Hemer Pty Ltd v Benni (No 2)

Case

[2010] SASC 322

24 November 2010


SUPREME COURT OF SOUTH AUSTRALIA

(Civil)

HEMER PTY LTD v BENNI & ORS (No 2)

[2010] SASC 322

Judgment of The Honourable Justice Vanstone

24 November 2010

PROCEDURE - COSTS - DEPARTING FROM THE GENERAL RULE - ORDER FOR COSTS ON INDEMNITY BASIS

Application by defendants for order that costs be paid on indemnity basis - application dismissed.

Held:  Order for payment of defendants' costs on party and party basis only.

Moyes & Anor v J & L Developments Pty Ltd & Anor (No 3) [2007] SASC 268; Colgate-Palmolive Co v Cussons Pty Ltd (1993) 46 FCR 225, considered.

HEMER PTY LTD v BENNI & ORS (No 2)
[2010] SASC 322

Civil

  1. VANSTONE J:     On 6 August 2010 I gave judgment in favour of the defendants in this matter and dismissed the plaintiff’s summons.

  2. The defendants now seek an order that their costs be paid by the plaintiff on an indemnity basis.  In support of the application they point to several factors.  They include that, at various times prior to trial, offers to settle the matter were made on terms more favourable than the plaintiff’s position after the judgment;  that an argument based on suggested election or waiver was mounted by the plaintiff during the trial, but was without substance;  that the plaintiff, although at trial claiming that he was always prepared to pay a proportion of rates and taxes on a reasonable basis, had in fact failed to make any payment until immediately before trial.  They also contended that the proceedings were taken for an ulterior motive, namely to exert pressure on the defendants to relinquish some of their land.

  3. Generally, costs are awarded on a party and party basis.  Circumstances can justify a departure from the ordinary rule.  Some special or unusual feature in the case can justify such a departure.  Some examples of what can constitute a “special or unusual feature” were set out by Sheppard J in Colgate-Palmolive Co v Cussons Pty Ltd (1993) 46 FCR 225 at 233-234. Those circumstances generally relate to the behaviour during the trial of the unsuccessful party, for instance, behaviour which unnecessarily or unreasonably prolongs the trial. Another example is a case in which an offer made in compliance with the rules of court is not bettered at trial. Yet another example is a case in which the taking of the proceedings amounts to an abuse of process, such as where proceedings were taken for an ulterior motive. The category of cases which may justify departing from the usual rule is not closed.

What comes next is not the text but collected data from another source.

theorem lemma4p4:
  fixes d :: "'a \<Rightarrow> 'a \<Rightarrow> real" and ps :: "('a \<times> 'a) list"
    and F Finh :: "nat \<Rightarrow> nat \<Rightarrow> 'a set set set" and t i :: nat
  assumes distinct_terms: "distinct (concat (map (\<lambda>(u, v). [u, v]) ps))"
    and d_zero: "\<forall>x\<in>terms ps. d x x = 0"
    and d_sym: "\<forall>x\<in>terms ps. \<forall>y\<in>terms ps. d x y = d y x"
    and d_tri: "\<forall>x\<in>terms ps. \<forall>y\<in>terms ps. \<forall>z\<in>terms ps. d x z \<le> d x y + d y z"
    and d_ge1: "\<forall>x\<in>terms ps. \<forall>y\<in>terms ps. x \<noteq> y \<longrightarrow> 1 \<le> d x y"
    and F0: "\<forall>j. F 0 j = {}"
    and Finh_sf: "\<forall>s\<in>{1..length ps}. \<forall>j.
       spanning_forest (Hverts d (take s ps) j) (inh d ps s j (F (s - 1) j)) (Finh s j)"
    and F_sf: "\<forall>s\<in>{1..length ps}. \<forall>j.
       spanning_forest (Hverts d (take s ps) j) (Hedges d (take s ps) j) (F s j)
       \<and> Finh s j \<subseteq> F s j"
    and t: "1 \<le> t" "t \<le> length ps"
  shows "refines (clus d (take (t - 1) ps) (Suc i)) (cinh d ps t i (Finh t i))"
proof (cases "t = 1")
  case True
  then show ?thesis by (simp add: clus_Nil refines_def)
next
  case False
  let ?qo = "take (t - 1) ps" and ?qn = "take t ps"
  have terms_subset: "terms ?qo \<subseteq> terms ?qn" by (intro terms_mono set_take_subset_set_take) simp
  have lvl_eq: "\<forall>v\<in>terms ?qo. lvl d ?qo v = lvl d ?qn v"
    using lvl_take_eq[OF distinct_terms, of "t - 1" t] by simp
  have "terms ?qn \<subseteq> terms ps" by (intro terms_mono set_take_subset)
  then have nonneg: "\<forall>x\<in>terms ?qn. \<forall>y\<in>terms ?qn. 0 \<le> d x y"
    using d_zero d_ge1 by (metis order.trans subsetD zero_le_one order_refl)
  obtain f where f: "\<forall>X\<in>clus d ?qo i. f X \<in> clus d ?qn i \<and> X \<subseteq> f X"
    using clus_refines[OF terms_subset lvl_eq nonneg] by (rule refines_choice)
  then have f_Hverts: "\<forall>X\<in>Hverts d ?qo i. f X \<in> Hverts d ?qn i"
    using Hverts_image[OF terms_subset lvl_eq nonneg] by blast
  have "t - 1 \<in> {1..length ps}" "t \<in> {1..length ps}" using t False by auto
  then have "spanning_forest (Hverts d ?qo i) (Hedges d ?qo i) (F (t - 1) i)"
    and "spanning_forest (Hverts d ?qn i) (inh d ps t i (F (t - 1) i)) (Finh t i)"
    using F_sf Finh_sf by blast+
  then show ?thesis by (rule clus_Suc_refines_cinh[OF f f_Hverts])
qed

end
(* Let $N\ge2$ and let $b(t)$ be the Brownian motion on the spider graph $Sp_N$ with Kirchhoff gluing at the origin, started at the origin. For $L>0$ let $\tau_{L,1}=\min\{t: b(t)\text{ is the point }x_1=L\text{ on leg }l_1\}$ (no condition on the motion along the other legs). Then for every $\lambda>0$, $u(\lambda,L):=E_0e^{-\lambda\tau_{L,1}}$ satisfies $$u(\lambda,L)=\frac{2}{N}e^{-\sqrt{2\lambda}L}+\frac{2}{N}\Big(1-\frac{2}{N}\Big)e^{-3\sqrt{2\lambda}L}+\frac{2}{N}\Big(1-\frac{2}{N}\Big)^2e^{-5\sqrt{2\lambda}L}+\cdots=\sum_{n=0}^\infty\frac{2}{N}\Big(1-\frac{2}{N}\Big)^ne^{-(2n+1)\sqrt{2\lambda}L}.$$
   Context: The spider graph $Sp_N$ consists of $N$ half-lines (legs) $l_1,\dots,l_N$, each a copy of $[0,\infty)$ with coordinate $x_i\ge0$, glued at their common endpoint $0$. The Brownian motion $b(t)$ on $Sp_N$ is the continuous strong Markov process with generator $\frac12\frac{d^2}{dx_i^2}$ on each leg, acting on functions continuous on $Sp_N$, twice differentiable on each leg, and satisfying Kirchhoff's condition $\sum_{i=1}^N f_i'(0)=0$ ($f_i'(0)$ the one-sided derivative at $0$ along leg $l_i$). Equivalently, away from $0$ it is a standard one-dimensional Brownian motion along the leg and from $0$ it enters each leg with equal probability $1/N$. *)

theory Defs
  imports "HOL-Probability.Probability"
begin
lemma mT_ideal: "ideal mT P"
  using P.genideal_ideal[OF mT_generators_carrier] .

lemma mT_generators_mem: "T \<in> mT" "r \<in> m \<Longrightarrow> up_ring.monom P r 0 \<in> mT"
  using P.genideal_self[OF mT_generators_carrier] by auto

lemma mT_eq_mT_pow_1: "mT = mT_pow 1"
proof
  show "mT \<subseteq> mT_pow 1"
    using monom_mem_mT_pow[of \<one> 1 1] monom_mem_mT_pow[of _ 1 0] GR.Jpow_one
    by (intro P.genideal_minimal[OF mT_pow_ideal]) auto
  show "mT_pow 1 \<subseteq> mT"
  proof
    fix f assume f: "f \<in> mT_pow 1"
    show "f \<in> mT"
    proof (rule mem_ideal_if_monoms_mem[OF mT_ideal])
      show fc: "f \<in> carrier P" using f mT_pow_carrier by blast
      fix k
      show "up_ring.monom P (up_ring.coeff P f k) k \<in> mT"
      proof (cases k)
        case 0
        then show ?thesis using coeff_mT_pow[OF f, of 0] GR.Jpow_one mT_generators_mem by simp
      next
        case (Suc k')
        then show ?thesis
          using monom_Suc_eq_mult_var[OF coeff_closed[OF fc], of k k']
            ideal.I_r_closed[OF mT_ideal mT_generators_mem(1)] coeff_closed[OF fc] by simp
      qed
    qed
  qed
qed

lemma monom_0_mem_ideal_prod:
  "r \<in> ideal_prod R m (GR.Jpow n) \<Longrightarrow> up_ring.monom P r 0 \<in> ideal_prod P mT (mT_pow n)"
proof (induct rule: ideal_prod.induct)
  case (prod i j)
  have "i \<in> carrier R" "j \<in> carrier R" using prod ideal.Icarr[OF m_ideal] GR.Jpow_carrier by auto
  moreover have "up_ring.monom P j 0 \<in> mT_pow n" using prod(2) by (intro monom_mem_mT_pow) simp
  ultimately show ?case
    using ideal_prod.prod[OF mT_generators_mem(2)[OF prod(1)]] monom_mult[of i j 0 0] by simp
next
  case (sum s1 s2)
  have "s1 \<in> carrier R" "s2 \<in> carrier R"
    using sum R.ideal_prod_in_carrier[OF m_ideal GR.Jpow_ideal] by auto
  then show ?case using ideal_prod.sum[OF sum(2,4)] monom_add by simp
qed

lemma mT_pow_Suc: "mT_pow (Suc n) = ideal_prod P mT (mT_pow n)"
proof
  show "mT_pow (Suc n) \<subseteq> ideal_prod P mT (mT_pow n)"
  proof
    fix f assume f: "f \<in> mT_pow (Suc n)"
    have fc: "f \<in> carrier P" using f mT_pow_carrier by blast
    show "f \<in> ideal_prod P mT (mT_pow n)"
    proof (rule mem_ideal_if_monoms_mem[OF P.ideal_prod_is_ideal[OF mT_ideal mT_pow_ideal] fc])
      fix k
      show "up_ring.monom P (up_ring.coeff P f k) k \<in> ideal_prod P mT (mT_pow n)"
      proof (cases k)
        case 0
        then show ?thesis
          using coeff_mT_pow[OF f, of 0] monom_0_mem_ideal_prod by (simp add: ideal_pow.simps(2))
      next
        case (Suc k')
        have "up_ring.monom P (up_ring.coeff P f k) k' \<in> mT_pow n"
          using coeff_mT_pow[OF f, of k] Suc by (intro monom_mem_mT_pow) simp
        then show ?thesis
          using ideal_prod.prod[OF mT_generators_mem(1)]
            monom_Suc_eq_mult_var[OF coeff_closed[OF fc], of k k'] Suc by simp
      qed
    qed
  qed
  show "ideal_prod P mT (mT_pow n) \<subseteq> mT_pow (Suc n)"
  proof
    fix x assume "x \<in> ideal_prod P mT (mT_pow n)"
    then show "x \<in> mT_pow (Suc n)"
    proof (induct rule: ideal_prod.induct)
      case (prod i j)
      have "i \<in> mT_pow 1" using prod(1) mT_eq_mT_pow_1 by simp
      then show ?case using mT_pow_mult[OF _ prod(2), of i 1] by simp
    next
      case (sum s1 s2)
      then show ?case using additive_subgroup.a_closed[OF ideal.axioms(1)[OF mT_pow_ideal]] by simp
    qed
  qed
qed

lemma ideal_pow_mT: "ideal_pow P mT n = mT_pow n"
  by (induct n) (simp_all add: mT_pow_0 mT_pow_Suc ideal_pow.simps(2))

sublocale GP: ideal_graded P mT
  by (intro ideal_graded.intro ideal_graded_axioms.intro UP_ring mT_ideal)

abbreviation G where "G \<equiv> gr R m"
abbreviation UG where "UG \<equiv> UP G"

lemma coeff_P: "f \<in> carrier P \<Longrightarrow> up_ring.coeff P f k = f k"
  unfolding P_def by (rule UP_coeff_apply)

lemma grP_rep_mem:
  assumes "g \<in> carrier (gr P mT)"
  shows "gr_rep (g n) \<in> mT_pow n" "GP.cls n (gr_rep (g n)) = g n"
  using GP.gr_rep_mem[OF assms] ideal_pow_mT by simp_all

(* The coefficient of T^k in m-degree d comes from (m, T)-degree d + k. *)
definition gr_to_UP :: "(nat \<Rightarrow> (nat \<Rightarrow> 'a) set) \<Rightarrow> nat \<Rightarrow> nat \<Rightarrow> 'a set" where
  "gr_to_UP g = (\<lambda>k d. GR.cls d (up_ring.coeff P (gr_rep (g (d + k))) k))"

  4. In this matter counsel for the defendants, Mr Blight, has mounted a substantial argument in support of his contention that the plaintiff’s conduct in a number of respects, taken together, justifies an order for indemnity costs.  Most of the submissions relate to the plaintiff’s conduct prior to trial.

  5. I am sympathetic to the defendants’ arguments.  Mr Horbelt’s conduct prior to trial was, in my view, rude and bullying.  However, he was entitled to come to the court to seek relief against forfeiture.  I cannot say that he had an ulterior motive in doing so.  As Debelle J said in Moyes & Anor v J & L Developments Pty Ltd & Anor (No 3) [2007] SASC 268 at [8]:

    An award of costs is an award of compensation for the expense incurred in prosecuting litigation.  It is not a means of punishing that person for wrongful conduct outside the litigation.

    While I acknowledge that several of Mr Blight’s arguments have some force, I am not satisfied that this is an appropriate case in which to depart from the usual rule.

  6. Accordingly, the order I make is that the plaintiff is to pay the costs of the defendants on a party and party basis.